--- START ---

lemma gdelta_in_odd_tail_null: "gdelta_in cantor_space (odd_tail_null p n)"
proof -
  have "odd_tail_null p n =
      (cylinder p n \<inter> {f. \<forall>i\<in>{i. odd i \<and> n \<le> i}. f i = False}) \<inter> {f. infinite {i. even i \<and> f i}}"
    by (auto simp: odd_tail_null_def)
  moreover have "closedin cantor_space (cylinder p n \<inter> {f. \<forall>i\<in>{i. odd i \<and> n \<le> i}. f i = False})"
    by (intro closedin_Int closedin_cylinder closedin_cantor_agree_on)
  ultimately show ?thesis
    by (simp add: closed_imp_gdelta_in gdelta_in_Int gdelta_in_cantor_infinitely_often
        metrizable_cantor_space)
qed

lemma odd_tail_null_subset_T_points: "odd_tail_null p n \<subseteq> T_points"
  by (auto simp: odd_tail_null_def mem_T_points)

lemma splice_at_even_in_odd_tail_null: "splice_at p n even \<in> odd_tail_null p n"
  using infinite_even_nat finite_splice_at_iff[of "\<lambda>i x. even i \<and> x" p n even]
  by (auto simp: odd_tail_null_def splice_at_in_cylinder) (auto simp: splice_at_def)

lemma splice_at_False_notin_T_points: "splice_at q m (\<lambda>_. False) \<notin> T_points"
  using infinite_odd_nat finite_splice_at_iff[of "\<lambda>i x. even i \<and> x" q m "\<lambda>_. False"]
    finite_splice_at_iff[of "\<lambda>i x. odd i \<and> \<not> x" q m "\<lambda>_. False"]
  by (simp add: mem_T_points)

lemma splice_at_False_in_closure_of_odd_tail_null:
  assumes q: "q \<in> odd_tail_null p n"
  shows "splice_at q (max N n) (\<lambda>_. False) \<in> cantor_space closure_of (cylinder q N \<inter> odd_tail_null p n)"
proof (rule in_cantor_closure_ofI)
  fix M
  define r where "r = splice_at q (max N n) (\<lambda>_. False)"
  define g where "g = splice_at r (max M (max N n)) even"
  have low: "g i = q i" if "i < max N n" for i
    using that by (auto simp: g_def r_def splice_at_def)
  have high: "g i \<longleftrightarrow> max M (max N n) \<le> i \<and> even i" if "max N n \<le> i" for i
    using that by (auto simp: g_def r_def splice_at_def max_def)
  have "g \<in> cylinder r M"
    by (simp add: g_def splice_at_in_cylinder)
  moreover have "g \<in> cylinder q N"
    using low by (simp add: cylinder_def)
  moreover have "g \<in> odd_tail_null p n"
    unfolding odd_tail_null_def
  proof (intro CollectI conjI allI impI)
    show "g \<in> cylinder p n"
      using q low by (simp add: odd_tail_null_def cylinder_def)
    show "\<not> g i" if "odd i \<and> n \<le> i" for i
      using q that low[of i] high[of i] by (cases "i < max N n") (auto simp: odd_tail_null_def)
    show "infinite {i. even i \<and> g i}"
      using infinite_even_nat finite_splice_at_iff[of "\<lambda>i x. even i \<and> x" r "max M (max N n)" even]
      by (simp add: g_def)
  qed
  ultimately show "cylinder r M \<inter> (cylinder q N \<inter> odd_tail_null p n) \<noteq> {}"
    by blast
qed

lemma open_T_points_not_sigma_compact:
  assumes W: "openin cantor_space W" and "W \<inter> T_points \<noteq> {}"
  shows "\<not> sigma_compact_space (subtopology cantor_space (W \<inter> T_points))"
proof
  assume "sigma_compact_space (subtopology cantor_space (W \<inter> T_points))"
  then obtain \<F> where \<F>: "countable \<F>" "\<Union>\<F> = W \<inter> T_points"
    and compact: "\<And>K. K \<in> \<F> \<Longrightarrow> compactin cantor_space K"
    unfolding sigma_compact_space_def by (auto simp: compactin_subtopology)
  have closed: "closedin cantor_space K" if "K \<in> \<F>" for K
    using compact[OF that] compactin_imp_closedin[OF Hausdorff_cantor_space] by blast
  obtain p where p: "p \<in> W \<inter> T_points"
    using assms(2) by blast
  obtain n where n: "cylinder p n \<subseteq> W"
    using openin_cantor_contains_cylinder[OF W] p by auto
  let ?P = "odd_tail_null p n"
  have P_cover: "?P \<subseteq> \<Union>\<F>"
    using n odd_tail_null_subset_T_points \<F>(2) by (auto simp: odd_tail_null_def)
  have cm: "completely_metrizable_space (subtopology cantor_space ?P)"
    by (rule completely_metrizable_space_gdelta_in[OF completely_metrizable_cantor_space
          gdelta_in_odd_tail_null])
  obtain K where K: "K \<in> \<F>" "subtopology cantor_space ?P interior_of (?P \<inter> K) \<noteq> {}"
  proof (rule Baire_closed_cover_interior[OF cm, of "(\<lambda>K. ?P \<inter> K) ` \<F>"])
    show "topspace (subtopology cantor_space ?P) \<noteq> {}"
      using splice_at_even_in_odd_tail_null by auto
    show "countable ((\<lambda>K. ?P \<inter> K) ` \<F>)"
      using \<F>(1) by blast
    show "\<Union> ((\<lambda>K. ?P \<inter> K) ` \<F>) = topspace (subtopology cantor_space ?P)"
      using P_cover by auto
    show "closedin (subtopology cantor_space ?P) T" if "T \<in> (\<lambda>K. ?P \<inter> K) ` \<F>" for T
      using that closed closedin_subtopology_Int_closed by auto
  qed (use that in auto)
  then obtain q where q: "q \<in> subtopology cantor_space ?P interior_of (?P \<inter> K)"
    by blast
  have int_sub: "subtopology cantor_space ?P interior_of (?P \<inter> K) \<subseteq> ?P \<inter> K"
    by (rule interior_of_subset)
  obtain N where "cylinder q N \<inter> ?P \<subseteq> subtopology cantor_space ?P interior_of (?P \<inter> K)"
    using openin_subtopology_cantor_contains_cylinder[OF openin_interior_of q] by auto
  then have "cylinder q N \<inter> ?P \<subseteq> K"
    using int_sub by auto
  moreover have "q \<in> ?P"
    using q int_sub by auto
  ultimately have "splice_at q (max N n) (\<lambda>_. False) \<in> cantor_space closure_of K"
    using splice_at_False_in_closure_of_odd_tail_null closure_of_mono by fast
  then have "splice_at q (max N n) (\<lambda>_. False) \<in> \<Union>\<F>"
    using closure_of_closedin[OF closed[OF K(1)]] K(1) by auto
  then show False
    using splice_at_False_notin_T_points \<F>(2) by auto
qed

--- END ---

| Work required |
List each line of the entries that holds the string "where".

| Task answer |
  define r where "r = splice_at q (max N n) (\<lambda>_. False)"
  define g where "g = splice_at r (max M (max N n)) even"
  then obtain \<F> where \<F>: "countable \<F>" "\<Union>\<F> = W \<inter> T_points"
  obtain p where p: "p \<in> W \<inter> T_points"
  obtain n where n: "cylinder p n \<subseteq> W"
  obtain K where K: "K \<in> \<F>" "subtopology cantor_space ?P interior_of (?P \<inter> K) \<noteq> {}"
  then obtain q where q: "q \<in> subtopology cantor_space ?P interior_of (?P \<inter> K)"
  obtain N where "cylinder q N \<inter> ?P \<subseteq> subtopology cantor_space ?P interior_of (?P \<inter> K)"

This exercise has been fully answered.